The annual recreational vehicle show held at Pomona’s Fairplex is among the largest in the world. However, the selection of the pocketbook-friendly smaller, lighter and more economical RVs is gradually shrinking. Despite the shredded national economy, small manufacturers cannot hang on against larger companies that crank out huge vehicles with enormous profit margins. Especially in a “down” economy, wealthier folks wanting large RVs tend to have money left over for such indulgences while the fiscal reserves of many average recreational campers continue shrinking.

Since the overall size of the RV shows contracts with each passing year, the quandary is how to bring in more new potential buyers.
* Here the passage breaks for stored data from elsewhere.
(* Suppose problem (CP0-group) has a unique solution $v^*\in\mathbb{C}^M$. Suppose further that $x^*:=\nu^{-1}(v^* )\neq0$ and that $y_i=|q_i^Hx^*|^2$ for $i=1,\dots,N$. Then the solution set of problem (CP0) is exactly $T(x^* )$.
   Context: Complex setting. Let $n,N\ge1$ and $M=n(n+1)/2$. Components of vectors in $\mathbb{C}^M$ are indexed by unordered pairs: for $1\le i,j\le n$ the symmetric index $ij$ ($=ji$) is $\sum_{k=1}^{\min\{i,j\}-1}(n-k+1)+|j-i|+1$, a bijection onto $\{1,\dots,M\}$. The complex Veronese map $\nu:\mathbb{C}^n\to\mathbb{C}^M$ is $(\nu(x))_{ij}=x_i\overline{x_j}$ for $i\le j$. For $j=1,\dots,n$, $W_j$ is the $n\times M$ binary matrix with $(W_j)_{k,l}=1$ iff $l$ is the index $jk$, so $W_jv=(v_{j1},\dots,v_{jn})^T$. $\|x\|_0$ is the number of nonzero entries of $x$. For vectors $u_1,\dots,u_n$, $\|\{u_j\}_{j=1}^n\|_0$ is the number of $j$ with $u_j\ne0$. For $x\in\mathbb{C}^n$, $T(x)=\{zx: z\in\mathbb{C},\ |z|=1\}$. Data: $q_1,\dots,q_N\in\mathbb{C}^n$ and $y\in\mathbb{R}^N$. Define $a_i\in\mathbb{C}^M$ by $(a_i)_{jk}=2q_{ij}\overline{q_{ik}}$ for $j<k$ and $(a_i)_{jj}=|q_{ij}|^2$, i.e. $a_i$ is $\nu(q_i)$ with off-diagonal entries doubled. Let $A=[a_1,\dots,a_N]^H\in\mathbb{C}^{N\times M}$, so the $i$-th row of $A$ is $a_i^H$. Inverse map $\nu^{-1}:\mathbb{C}^M\to\mathbb{C}^n$. Let $i$ be the smallest $j$ with $\mathrm{Re}(v_{jj})>0$ and $\mathrm{Im}(v_{jj})=0$ ($i=0$ if none exists). If $i>0$ and $|v_{ji}|^2/v_{ii}=v_{jj}$ for all $j=1,\dots,n$, then $\nu^{-1}(v)=\frac{1}{\sqrt{v_{ii}}}(\overline{v_{1i}},\dots,\overline{v_{ni}})^T$, with $\sqrt{v_{ii}}>0$. Otherwise $\nu^{-1}(v)=0$. (CP0): $\min_{x\in\mathbb{C}^n}\|x\|_0$ subject to $y_i=|q_i^Hx|^2$ for $i=1,\dots,N$. (CP0-group): $\min_{v\in\mathbb{C}^M}\|\{W_jv\}_{j=1}^n\|_0$ subject to $y=\mathrm{Re}(Av)$ and $v_{jj}$ real and nonnegative for $j=1,\dots,n$. *)

theory Defs
  imports Complex_Main
begin

(* Vectors in C^d are functions nat => complex indexed by 1..d, zero outside. *)
definition cvec :: "nat \<Rightarrow> (nat \<Rightarrow> complex) set" where
  "cvec d = {x. \<forall>k. k \<notin> {1..d} \<longrightarrow> x k = 0}"

definition Mdim :: "nat \<Rightarrow> nat" where
  "Mdim n = n * (n + 1) div 2"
Unexpectedly, I spied this display, doubtless intended to gain attention and thereby assist the RV market turn the corner towards recovery. Be-speckled and be-nippled, this Halloween-inspired gorilla ballerina contraption beckoned me, clumsily lurching to and fro, apparently powered by erratic hidden robotic servomotors. (The sight of it was enough to make me look for the exit, but I hadn’t yet visited the Airstream RV exhibit.)

What inspired this crackpot contraption? Maybe it was an artist’s conception of the perfect customer who would be looking to purchase that “gotta have it” gargantuan-sized RV – the biggest, baddest, most ostentatious RV at the show. Or perhaps it was, in fact, a bankrupt salesman of small and sensible RVs from a previous year’s show, who had finally run out of his 99 weeks of unemployment benefits, donned a lime green tutu and a leopard-print Cat Woman mask, stuffed himself into a gorilla suit, and was now working for tips.

Memories of a Black Widow

This is the last picture I have of her, taken on the final day that I saw her. She had dangled below a light fixture on an invisible trapeze of spun web. Each morning, she was there as I trudged to meet my Monday to Friday train to work. I chose to greet her from a short distance.

I have other pictures of her, but I prefer this one because it displays the bright hour glass on her abdomen warning unsuspecting bugs: “Your time is up!”

In human years, our relationship was brief. But in spider years—black widows can live up to 1-½ years—she would consider our association lengthy, if not intimate.

I knew nothing of her mate, the black widower. I doubt that she ate him. The fearsome reputation of a black widow dining at her mate’s ultimate expense is generally undeserved. More likely, she consumed most of her recent offspring, 750 eggs laid in a sack. Cannibalism thrives, allowing only one or two of the baby spiders to survive.

Now she is gone, and she has no memory of our daily rendezvous—no memory of me, even when I blew on her web, seeing which way she would scurry. It was always up, up into the safety of the light fixture.